**Problem 2 of Asian Pacific Mathematical Olympiad 2004**

Let O be the circumcentre and H the orthocentre of an acute triangle ABC. Prove that the area of one of the triangles AOH, BOH and COH is equal to the sum of the areas of the other two.

**Solutions by Steve Dinh, a.k.a. Vo Duc Dien (dedicated to Jim Krause)**

**Solution One**

From the vertices of triangle ABC A, B and C draw the altitudes to OH and intercept the extension of OH at M, G and P, respectively.

Since the three triangles AOH, BOH and COH have the same base OH, to prove the area of AOH is the sum of the areas of BOH and COH, we need to prove

(1) | GB + PC = AM |

Extend CO to intercept the circle at D. Since CD is the diameter of the circle, we have ∠DAC = ∠DBC = ∠BFC = ∠AIC = 90°.

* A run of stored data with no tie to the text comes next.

lemma norm_mat_pow_le: "\<exists>B. \<forall>k. norm (mat_pow (M::real^'n^'n) k) \<le> norm (mat 1 :: real^'n^'n) * B ^ k"
proof -
  obtain K where K: "\<And>(X::real^'n^'n) (Y::real^'n^'n). norm (X ** Y) \<le> norm X * norm Y * K" "K > 0"
    using bounded_bilinear.pos_bounded[OF bilinear_matrix_mult[unfolded bilinear_conv_bounded_bilinear]]
    by blast
  have "norm (mat_pow M k) \<le> norm (mat 1 :: real^'n^'n) * (K * norm M) ^ k" for k
  proof (induction k)
    case (Suc k)
    have "norm (mat_pow M (Suc k)) \<le> norm M * norm (mat_pow M k) * K"
      unfolding mat_pow_Suc by (rule K(1))
    also have "\<dots> \<le> norm M * (norm (mat 1 :: real^'n^'n) * (K * norm M) ^ k) * K"
      using Suc K by (intro mult_right_mono mult_left_mono) auto
    finally show ?case by (simp add: mult_ac)
  qed (simp add: mat_pow_def)
  then show ?thesis by blast
qed

definition mat_exp :: "real^'n^'n \<Rightarrow> real \<Rightarrow> real^'n^'n" where
  "mat_exp M t = (\<Sum>k. (t ^ k / fact k) *\<^sub>R mat_pow M k)"

text \<open>The exponential series converges absolutely, by comparison with the scalar one.\<close>
lemma mat_exp_summable_norm: "summable (\<lambda>k. norm ((t ^ k / fact k) *\<^sub>R mat_pow (M::real^'n^'n) k))"
proof -
  obtain B where B: "\<And>k. norm (mat_pow M k) \<le> norm (mat 1 :: real^'n^'n) * B ^ k"
    using norm_mat_pow_le by blast
  have majorant: "summable (\<lambda>k. norm (mat 1 :: real^'n^'n) * (inverse (fact k) * (\<bar>t\<bar> * B) ^ k))"
    by (intro summable_mult summable_exp)
  have bound: "norm ((t ^ k / fact k) *\<^sub>R mat_pow M k)
      \<le> norm (mat 1 :: real^'n^'n) * (inverse (fact k) * (\<bar>t\<bar> * B) ^ k)" for k
  proof -
    have "norm ((t ^ k / fact k) *\<^sub>R mat_pow M k) = (\<bar>t\<bar> ^ k / fact k) * norm (mat_pow M k)"
      by (simp add: power_abs)
    also have "\<dots> \<le> (\<bar>t\<bar> ^ k / fact k) * (norm (mat 1 :: real^'n^'n) * B ^ k)"
      by (intro mult_left_mono B) auto
    also have "\<dots> = norm (mat 1 :: real^'n^'n) * (inverse (fact k) * (\<bar>t\<bar> * B) ^ k)"
      by (simp add: power_mult_distrib field_simps)
    finally show ?thesis .
  qed
  show ?thesis
    by (rule summable_comparison_test'[OF majorant, of 0]) (simp only: real_norm_def abs_norm_cancel bound)
qed

lemma mat_exp_sums: "(\<lambda>k. (t ^ k / fact k) *\<^sub>R mat_pow (M::real^'n^'n) k) sums mat_exp M t"
  unfolding mat_exp_def using summable_norm_cancel[OF mat_exp_summable_norm] by (rule summable_sums)

lemma mat_exp_zero: "mat_exp (M::real^'n^'n) 0 = mat 1"
proof -
  have only_constant_term: "(\<lambda>k. ((0::real) ^ k / fact k) *\<^sub>R mat_pow M k) = (\<lambda>k. if k = 0 then mat 1 else 0)"
    by (auto simp: mat_pow_def)
  have "(\<lambda>k. ((0::real) ^ k / fact k) *\<^sub>R mat_pow M k) sums mat 1"
    unfolding only_constant_term using sums_single[of 0 "\<lambda>_. mat 1 :: real^'n^'n"] by simp
  then show ?thesis
    using mat_exp_sums sums_unique2 by blast
qed

lemma mat_exp_add: "mat_exp (M::real^'n^'n) (s + t) = mat_exp M s ** mat_exp M t"
proof -
  have binomial: "(s + t) ^ k / fact k = (\<Sum>i\<le>k. s ^ i / fact i * (t ^ (k - i) / fact (k - i)))" for k
    using exp_series_add_commuting[of s t k] by (simp add: divide_inverse_commute)
  have "(\<Sum>i\<le>k. ((s ^ i / fact i) *\<^sub>R mat_pow M i) ** ((t ^ (k - i) / fact (k - i)) *\<^sub>R mat_pow M (k - i)))
      = ((s + t) ^ k / fact k) *\<^sub>R mat_pow M k" for k
    by (simp add: binomial scaleR_sum_left bilinear_lmul[OF bilinear_matrix_mult]
        bilinear_rmul[OF bilinear_matrix_mult] mat_pow_add mult_ac)
  with bilinear_Cauchy_product_sums[OF bilinear_matrix_mult mat_exp_summable_norm[of s M] mat_exp_summable_norm[of t M]]
  have "(\<lambda>k. ((s + t) ^ k / fact k) *\<^sub>R mat_pow M k) sums (mat_exp M s ** mat_exp M t)"
    by (simp add: mat_exp_def)
  then show ?thesis
    using mat_exp_sums sums_unique2 by blast
qed

lemma mat_cpow_eq_mat_exp: "mat_cpow c M = mat_exp M (ln c)"
  by (simp add: mat_cpow_def mat_exp_def)

lemma mat_cpow_one: "mat_cpow 1 (M::real^'n^'n) = mat 1"
  by (simp add: mat_cpow_eq_mat_exp mat_exp_zero)

lemma mat_cpow_mult:
  "c > 0 \<Longrightarrow> d > 0 \<Longrightarrow> mat_cpow (c * d) (M::real^'n^'n) = mat_cpow c M ** mat_cpow d M"
  by (simp add: mat_cpow_eq_mat_exp ln_mult mat_exp_add)

lemma borel_measurable_mat_cpow: "(\<lambda>c. mat_cpow c (M::real^'n^'n)) \<in> borel_measurable borel"
proof (rule borel_measurable_LIMSEQ_metric)
  show "(\<lambda>c. \<Sum>k<n. (ln c ^ k / fact k) *\<^sub>R mat_pow M k) \<in> borel_measurable borel" for n
    by (intro borel_measurable_sum borel_measurable_scaleR borel_measurable_const borel_measurable_divide
        borel_measurable_power borel_measurable_ln measurable_ident_sets) auto
  show "(\<lambda>n. \<Sum>k<n. (ln c ^ k / fact k) *\<^sub>R mat_pow M k) \<longlonglongrightarrow> mat_cpow c M" for c
    using mat_exp_sums[of "ln c" M] by (simp add: sums_def mat_cpow_eq_mat_exp)
qed

lemma cmat_mult: "cmat (A ** B) = cmat A ** cmat B"
  by (simp add: cmat_def matrix_matrix_mult_def vec_eq_iff)

lemma continuous_cmat: "continuous_on UNIV cmat"
  unfolding cmat_def by (intro continuous_intros)

lemma cmat_one: "cmat (mat 1) = mat 1"
  by (simp add: cmat_def mat_def vec_eq_iff)

locale pos_reals_action =
  fixes act :: "real \<Rightarrow> 'a \<Rightarrow> 'a"
  assumes act_one: "act 1 x = x"
    and act_mult: "0 < c \<Longrightarrow> 0 < d \<Longrightarrow> act (c * d) x = act c (act d x)"
begin

lemma act_inverse: "0 < c \<Longrightarrow> act (1 / c) (act c x) = x"
  using act_mult[of "1 / c" c x] by (simp add: act_one)

lemma act_eq_imp:
  assumes "0 < c" "0 < d" "act c x = act d y"
  shows "y = act (c / d) x"
proof -
  have "y = act (1 / d) (act c x)"
    using act_inverse[of d y] assms by simp
  also have "\<dots> = act (c / d) x"
    using act_mult[of "1 / d" c x] assms by simp
  finally show ?thesis .
qed

end

lemma mat_cpow_action: "pos_reals_action (\<lambda>c x. mat_cpow c (E::real^'m^'m) *v x)"
  by unfold_locales (simp_all add: mat_cpow_one mat_cpow_mult matrix_vector_mul_assoc)

lemma cmat_cpow_action: "pos_reals_action (\<lambda>c (M::complex^'n^'n). cmat (mat_cpow c (H::real^'n^'n)) ** M)"
  by unfold_locales (simp_all add: mat_cpow_one cmat_one mat_cpow_mult cmat_mult matrix_mul_assoc)

lemma equivariant_extension:
  fixes act :: "real \<Rightarrow> 'a \<Rightarrow> 'a" and lin :: "real \<Rightarrow> 'b::zero \<Rightarrow> 'b"
  assumes act: "pos_reals_action act" and lin: "pos_reals_action lin"
    and lin_zero: "\<And>c. lin c 0 = 0"
    and consistent: "\<And>x d. x \<in> S \<Longrightarrow> act d x \<in> S \<Longrightarrow> 0 < d \<Longrightarrow> g (act d x) = lin d (g x)"
  shows "\<exists>\<phi>. (\<forall>c>0. \<forall>y. \<phi> (act c y) = lin c (\<phi> y)) \<and> (\<forall>x\<in>S. \<phi> x = g x)"
proof -
  interpret act: pos_reals_action act by (rule act)
  interpret lin: pos_reals_action lin by (rule lin)
  define orbit_rep where "orbit_rep y = (\<lambda>(x, d). x \<in> S \<and> 0 < d \<and> y = act d x)" for y
  have well_defined: "lin d (g x) = lin d' (g x')"
    if "orbit_rep y (x, d)" "orbit_rep y (x', d')" for y x d x' d'
  proof -
    from that have x: "x \<in> S" "0 < d" and x': "x' \<in> S" "0 < d'" and "act d x = act d' x'"
      by (auto simp: orbit_rep_def)
    then have x'_eq: "x' = act (d / d') x"
      by (intro act.act_eq_imp)
    then have "g x' = lin (d / d') (g x)"
      using consistent[of x "d / d'"] x x' by simp
    then have "lin d' (g x') = lin d' (lin (d / d') (g x))" by simp
    also have "\<dots> = lin (d' * (d / d')) (g x)"
      by (rule lin.act_mult[symmetric]) (use x x' in simp_all)
    also have "d' * (d / d') = d" using x' by simp
    finally show ?thesis by simp
  qed
  define \<phi> where
    "\<phi> y = (if Ex (orbit_rep y) then case_prod (\<lambda>x d. lin d (g x)) (Eps (orbit_rep y)) else 0)" for y
  have \<phi>_rep: "\<phi> y = lin d (g x)" if rep: "orbit_rep y (x, d)" for y x d
  proof -
    obtain x0 d0 where chosen: "Eps (orbit_rep y) = (x0, d0)" by fastforce
    have "orbit_rep y (x0, d0)"
      using someI[of "orbit_rep y", OF rep] by (simp add: chosen)
    moreover have "\<phi> y = lin d0 (g x0)"
      using rep by (auto simp: \<phi>_def chosen)
    ultimately show ?thesis
      using well_defined[OF _ rep] by simp
  qed
  have orbit_act: "Ex (orbit_rep (act c y)) \<longleftrightarrow> Ex (orbit_rep y)" if c: "0 < c" for c y
  proof
    assume "Ex (orbit_rep (act c y))"
    then obtain x d where x: "x \<in> S" "0 < d" and "act d x = act c y" by (auto simp: orbit_rep_def)
    then have "y = act (d / c) x" using c by (intro act.act_eq_imp)
    then have "orbit_rep y (x, d / c)" using x c by (simp add: orbit_rep_def)
    then show "Ex (orbit_rep y)" by blast
  next
    assume "Ex (orbit_rep y)"
    then obtain x d where x: "x \<in> S" "0 < d" and "y = act d x" by (auto simp: orbit_rep_def)
    then have "orbit_rep (act c y) (x, c * d)" using c by (simp add: orbit_rep_def act.act_mult)
    then show "Ex (orbit_rep (act c y))" by blast
  qed
  have "\<phi> (act c y) = lin c (\<phi> y)" if c: "0 < c" for c y
  proof (cases "Ex (orbit_rep y)")
    case True
    then obtain x d where rep: "orbit_rep y (x, d)" by auto
    then have d: "0 < d" and rep': "orbit_rep (act c y) (x, c * d)"
      using c by (auto simp: orbit_rep_def act.act_mult)
    have "\<phi> (act c y) = lin (c * d) (g x)" by (rule \<phi>_rep[OF rep'])
    also have "\<dots> = lin c (\<phi> y)" using c d by (simp add: \<phi>_rep[OF rep] lin.act_mult)
    finally show ?thesis .
  next
    case False
    then show ?thesis using orbit_act[OF c] by (simp add: \<phi>_def lin_zero)
  qed
  moreover have "\<phi> x = g x" if "x \<in> S" for x
    using \<phi>_rep[of x x 1] that by (simp add: orbit_rep_def act.act_one lin.act_one)
  ultimately show ?thesis by blast
qed

lemma completion_ex_borel_measurable_euclidean:
  fixes f :: "'a \<Rightarrow> 'b::euclidean_space"
  assumes f: "f \<in> borel_measurable (completion M)"
  shows "\<exists>g\<in>borel_measurable M. AE x in M. f x = g x"
proof -
  have "(\<lambda>x. f x \<bullet> b) \<in> borel_measurable (completion M)" for b
    using f by (rule borel_measurable_inner) simp
  then have "\<forall>b. \<exists>g. g \<in> borel_measurable M \<and> (AE x in M. f x \<bullet> b = g x)"
    using completion_ex_borel_measurable_real by blast
  from choice[OF this] obtain g
    where "\<forall>b. g b \<in> borel_measurable M \<and> (AE x in M. f x \<bullet> b = g b x)" by blast
  then have g_meas: "\<And>b. g b \<in> borel_measurable M" and g_ae: "\<And>b. AE x in M. f x \<bullet> b = g b x"
    by auto
  have "AE x in M. \<forall>b\<in>Basis. f x \<bullet> b = g b x"
    using AE_finite_allI[OF finite_Basis g_ae] .
  then have "AE x in M. f x = (\<Sum>b\<in>Basis. g b x *\<^sub>R b)"
  proof eventually_elim
    case (elim x)
    have "f x = (\<Sum>b\<in>Basis. (f x \<bullet> b) *\<^sub>R b)"
      by (rule euclidean_representation[symmetric])
    also have "\<dots> = (\<Sum>b\<in>Basis. g b x *\<^sub>R b)"
      using elim by (intro sum.cong) simp_all
    finally show ?case .
  qed
  moreover have "(\<lambda>x. \<Sum>b\<in>Basis. g b x *\<^sub>R b) \<in> borel_measurable M"
    by (intro borel_measurable_sum borel_measurable_scaleR g_meas borel_measurable_const)
  ultimately show ?thesis by (rule bexI)
qed

text \<open>Almost-everywhere properties are preserved under pulling back along an invertible
  linear map (whose inverse, being linear, maps null sets to null sets).\<close>
lemma AE_linear_vimage:
  fixes A B :: "real^'m^'m"
  assumes ae: "AE x in lebesgue. P x" and inverse: "\<And>x. B *v (A *v x) = x"
  shows "AE x in lebesgue. P (A *v x)"
proof -
  obtain N where "{x \<in> space lebesgue. \<not> P x} \<subseteq> N" "emeasure lebesgue N = 0" "N \<in> sets lebesgue"
    using ae by (rule AE_E)
  then have N: "{x \<in> space lebesgue. \<not> P x} \<subseteq> N" "N \<in> null_sets lebesgue"
    by (auto intro: null_setsI)
  then have "negligible N" by (simp add: negligible_iff_null_sets)
  then have "negligible ((*v) B ` N)"
    by (intro negligible_differentiable_image_negligible bounded_linear_imp_differentiable_on) auto
  moreover have "{x \<in> space lebesgue. \<not> P (A *v x)} \<subseteq> (*v) B ` N"
  proof
    fix x assume "x \<in> {x \<in> space lebesgue. \<not> P (A *v x)}"
    then have "A *v x \<in> N" using N(1) by auto
    then show "x \<in> (*v) B ` N" using inverse[of x] by (metis image_eqI)
  qed
  ultimately show ?thesis
    by (intro AE_I'[where N = "(*v) B ` N"]) (auto simp: negligible_iff_null_sets)
qed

Or AD || HB and DB || AH; therefore, AD = HB

O and E are also midpoints of DC and AC, respectively, we have OE = AD/2

Or OE = HB/2

Let J be the midpoint of BH; from J draw the altitude to OH and cuts the extension of OH at K. We have

(2) | KJ = GB/2 |

HJ = HB/2 = OE and | |

∠KHJ = ∠OHF = ∠NOE |

From E draw the altitude to OH and intercept it at N. The two triangles JKH and ENO are then congruent; we then have

KJ = EN |

Draw the line parallel to OH through E and intercepts AM and PC at L and Q, respectively; we then have

KJ = EN = LM = QP | |

(3) | AL = QC |

Combine with (2), GB + PC = 2 KJ + QC – QP

From (3), GB + PC = LM + QP + AL – QP

Or GB + PC = AM

which is the condition (1) we set out to prove.

**Solution Two**

From the three vertices A, B and C of ΔABC draw lines ⊥ to OH and intercept it at M, G và P, respectively.

The three triangles AOH, BOH and COH share the same base OH, so to prove the areas of AOH to equal the areas of the other two we need to prove

AM = GB + PC

Let J be the midpoint of BC. AJ intercepts OH at N. From J draw the line to ⊥ and intercept OH at K. We see that GB + PC = 2JK. We then need to prove

AM = 2JK

Note that in a triangle, the three points centroid, orthocenter and circumcenter collinear; therefore, N is also the centroid of ΔABC

Therefore AN = 2NJ

or AM = 2JK because the two triangles AMN and JKN are similar.